On any given day, we utilize our hands for many different actions at work, home, and sports activities. Hands are so important that the main function of our shoulders and elbows are to position our hands in space for gross motor and fine motor movements. Hands have many small bones, joints, ligaments and tendons working together to support a seemingly infinite number of actions. Hands are constantly working, performing many alternating repetitive and unique activities over the course of each day. Additionally, our hands are extremely sensitive and yet strong. Able to perform the most simple and complex tasks. This is why hand injuries like sprains, fractures, and tendon injuries are both painful and can take a long time to recover from and get back to normal functioning.
Some recent examples of hand injuries seen at Sports Health Northwest include:
- Several months ago, while vacationing in another country, a 59-year-old patient tripped and fell injuring her left wrist, foot, and knee. Though her hand wasn’t x-rayed or treated when she was initially seen by a local clinic, her persistent pain, weakness, and limited motion with daily activities like getting dressed and gripping objects led her to seek treatment at our sports medicine clinic when she returned. Her x-rays showed a fracture of the small finger metacarpal bone. After a short period of immobilization, she is now back to golfing, gardening, and other activities she enjoys.

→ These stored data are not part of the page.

(* Let $n,N\in\mathbb{N}$, let $\Omega\subseteq\mathbb{R}^n$ be open and let $\mathrm{H}\in C^2(\Omega\times\mathbb{R}^N\times\mathbb{R}^{N\times n})$, $\mathrm{H}=\mathrm{H}(x,\eta,P)$. Let $u\in C^2(\Omega;\mathbb{R}^N)$ solve \[ \mathrm{H}_P(\cdot,u,\mathrm{D}u)\,\mathrm{D}\big(\mathrm{H}(\cdot,u,\mathrm{D}u)\big)=0\quad\text{on }\Omega, \] and assume that (a) the $N\times n$ matrix field $\mathrm{H}_P(\cdot,u,\mathrm{D}u)$ has full rank on $\Omega$, and (b) there exists $c>0$ such that \[ \big(\xi^\top\mathrm{H}_P(x,\eta,P)\big)\cdot\big(\xi^\top P\big)\ \ge\ c\,\big|\xi^\top\mathrm{H}_P(x,\eta,P)\big|^2 \] for all $\xi\in\mathbb{R}^N$ and all $(x,\eta,P)\in\Omega\times\mathbb{R}^N\times\mathbb{R}^{N\times n}$. Then for every open set $\mathcal{O}\Subset\Omega$, \[ \sup_{\mathcal{O}}\mathrm{H}(\cdot,u,\mathrm{D}u)=\max_{\partial\mathcal{O}}\mathrm{H}(\cdot,u,\mathrm{D}u),\qquad \inf_{\mathcal{O}}\mathrm{H}(\cdot,u,\mathrm{D}u)=\min_{\partial\mathcal{O}}\mathrm{H}(\cdot,u,\mathrm{D}u). \]
   Context: $\mathrm{D}u$ is the $N\times n$ gradient matrix of $u$; $\mathrm{H}_P$ is the derivative of $\mathrm{H}$ with respect to $P\in\mathbb{R}^{N\times n}$, an $N\times n$ matrix; $\mathrm{H}_P(\cdot,u,\mathrm{D}u)\,\mathrm{D}(\mathrm{H}(\cdot,u,\mathrm{D}u))$ is the matrix–vector product of this matrix with the gradient of the scalar function $x\mapsto\mathrm{H}(x,u(x),\mathrm{D}u(x))$. For $\xi\in\mathbb{R}^N$, $\xi^\top A\in\mathbb{R}^n$ for an $N\times n$ matrix $A$, and "$\cdot$" is the Euclidean inner product. *)

theory Defs
  imports "HOL-Analysis.Analysis"
begin

definition C1_on :: "'a::real_normed_vector set \<Rightarrow> ('a \<Rightarrow> 'b::real_normed_vector) \<Rightarrow> bool" where
  "C1_on S f \<longleftrightarrow> (\<exists>f'. (\<forall>x\<in>S. (f has_derivative blinfun_apply (f' x)) (at x)) \<and> continuous_on S f')"

definition C2_on :: "'a::real_normed_vector set \<Rightarrow> ('a \<Rightarrow> 'b::real_normed_vector) \<Rightarrow> bool" where
  "C2_on S f \<longleftrightarrow> (\<exists>f'. (\<forall>x\<in>S. (f has_derivative blinfun_apply (f' x)) (at x)) \<and> C1_on S f')"

text \<open>Gradient matrix Du (N x n): (Du x) $ i $ j = d u_i / d x_j.\<close>
definition Dmat :: "(real^'n \<Rightarrow> real^'N) \<Rightarrow> real^'n \<Rightarrow> real^'n^'N" where
  "Dmat u x = matrix (frechet_derivative u (at x))"

definition grad :: "(real^'n \<Rightarrow> real) \<Rightarrow> real^'n \<Rightarrow> real^'n" where
  "grad h x = (\<chi> j. frechet_derivative h (at x) (axis j 1))"

definition HP :: "((real^'n) \<times> (real^'N) \<times> (real^'n^'N) \<Rightarrow> real) \<Rightarrow> real^'n \<Rightarrow> real^'N \<Rightarrow> real^'n^'N \<Rightarrow> real^'n^'N" where
  "HP H x \<eta> P = (\<chi> i j. frechet_derivative (\<lambda>Q. H (x, \<eta>, Q)) (at P)
                          (\<chi> k l. if k = i \<and> l = j then 1 else 0))"

end

theory Submission
  imports Defs
begin

text \<open>Write \<open>h = H(\<cdot>, u, Du)\<close>. The equation says that \<open>H\<^sub>P\<close> annihilates the gradient of \<open>h\<close>,
  so every direction \<open>w = \<xi>\<^sup>T H\<^sub>P\<close> is tangent to the level sets of \<open>h\<close>, while by (b) the
  derivative of \<open>\<xi> \<cdot> u\<close> in direction \<open>w\<close> is at least \<open>c |w|\<^sup>2\<close>, which is positive by (a)
  when \<open>N \<le> n\<close>. Hence \<open>h + \<epsilon> \<xi> \<cdot> u\<close> has no interior maximum, and letting \<open>\<epsilon> \<rightarrow> 0\<close> shows
  that \<open>h\<close> attains its maximum over the closure on the boundary; the minimum follows from
  \<open>-h\<close>. When \<open>N > n\<close>, (a) makes \<open>H\<^sub>P\<close> injective, so \<open>Dh = 0\<close> and any linear function
  can replace \<open>\<xi> \<cdot> u\<close>.\<close>

definition increasing_along_levels ::
    "'a::real_normed_vector set \<Rightarrow> ('a \<Rightarrow> real) \<Rightarrow> ('a \<Rightarrow> real) \<Rightarrow> bool"
  where "increasing_along_levels S h g \<longleftrightarrow> (\<forall>x\<in>S. \<exists>h' g' w. (h has_derivative h') (at x)
    \<and> (g has_derivative g') (at x) \<and> h' w = 0 \<and> g' w > 0)"

lemma increasing_along_levels_subset:
  "increasing_along_levels T h g \<Longrightarrow> S \<subseteq> T \<Longrightarrow> increasing_along_levels S h g"
  unfolding increasing_along_levels_def by blast

lemma increasing_along_levels_uminus:
  assumes "increasing_along_levels S h g"
  shows "increasing_along_levels S (\<lambda>x. - h x) g"
  unfolding increasing_along_levels_def
proof
  fix x assume "x \<in> S"
  then obtain h' g' w where "(h has_derivative h') (at x)" "(g has_derivative g') (at x)"
    "h' w = 0" "g' w > 0"
    using assms unfolding increasing_along_levels_def by blast
  then show "\<exists>h' g' w. ((\<lambda>x. - h x) has_derivative h') (at x)
      \<and> (g has_derivative g') (at x) \<and> h' w = 0 \<and> g' w > 0"
    by (intro exI[of _ "\<lambda>v. - h' v"] exI[of _ g'] exI[of _ w]) (auto intro: derivative_intros)
qed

- Recently, I had a patient who had been struggling for months with pain in both thumbs due to repetitive use. He was able to use a computer and type without pain, but his daily work also required use of his hands to repeatedly grip and twist and turn objects in a rotational screwdriver type motion. He had developed pain in his thumb joints and tendons from repeated fine motor movements limiting his ability to perform pinching and gripping related tasks. With rest and topical anti-inflammatory medication followed by strengthening exercises, and task modifications, he has been able return to full work.
- Another patient enjoyed tying fishing flies and rowing his drift boat on the rivers around Portland, Oregon, but a trigger finger on one hand soon turned into trigger fingers involving both hands affecting his long finger and made it painful and difficult to perform the fishing activities he enjoys. However, an injection and splinting the affected fingers helped him enjoy his summer fishing and boating.
Trigger finger is a common condition caused by abnormal movement of a thickened, sometimes inflamed, or swollen flexor tendon as it glides within its tendon sheath through the first annular pulley, which may also be narrowed and thickened. Trigger finger causes pain, catching, and/or locking of the affected digit. Treatment is typically conservative, including rest, splinting, and oral and topical nonsteroidal anti-inflammatory drugs (NSAIDs). Corticosteroid injections are usually considered when conservative management is not effective or function is impaired.
Although corticosteroid injections (CSI) can be effective at relieving symptoms they have to be utilized with caution as unwanted adverse effects, such as fat atrophy and hypopigmentation of the skin and elevated blood glucose levels in patients with diabetes mellitus can occur. An injectable NSAID such as ketorolac at the level of the first annular pulley could avoid these adverse effects and may be more effective in treating trigger finger.
As described above, these unique and painful hand injuries involve a joint, tendon, and/or bone related injury to the hand. While treatment and expectations for recovery vary from person to person and injury to injury, At Sports Health Northwest, we want to help you recover from your hand injury and get you back to the sports and work activity you enjoy and rely on.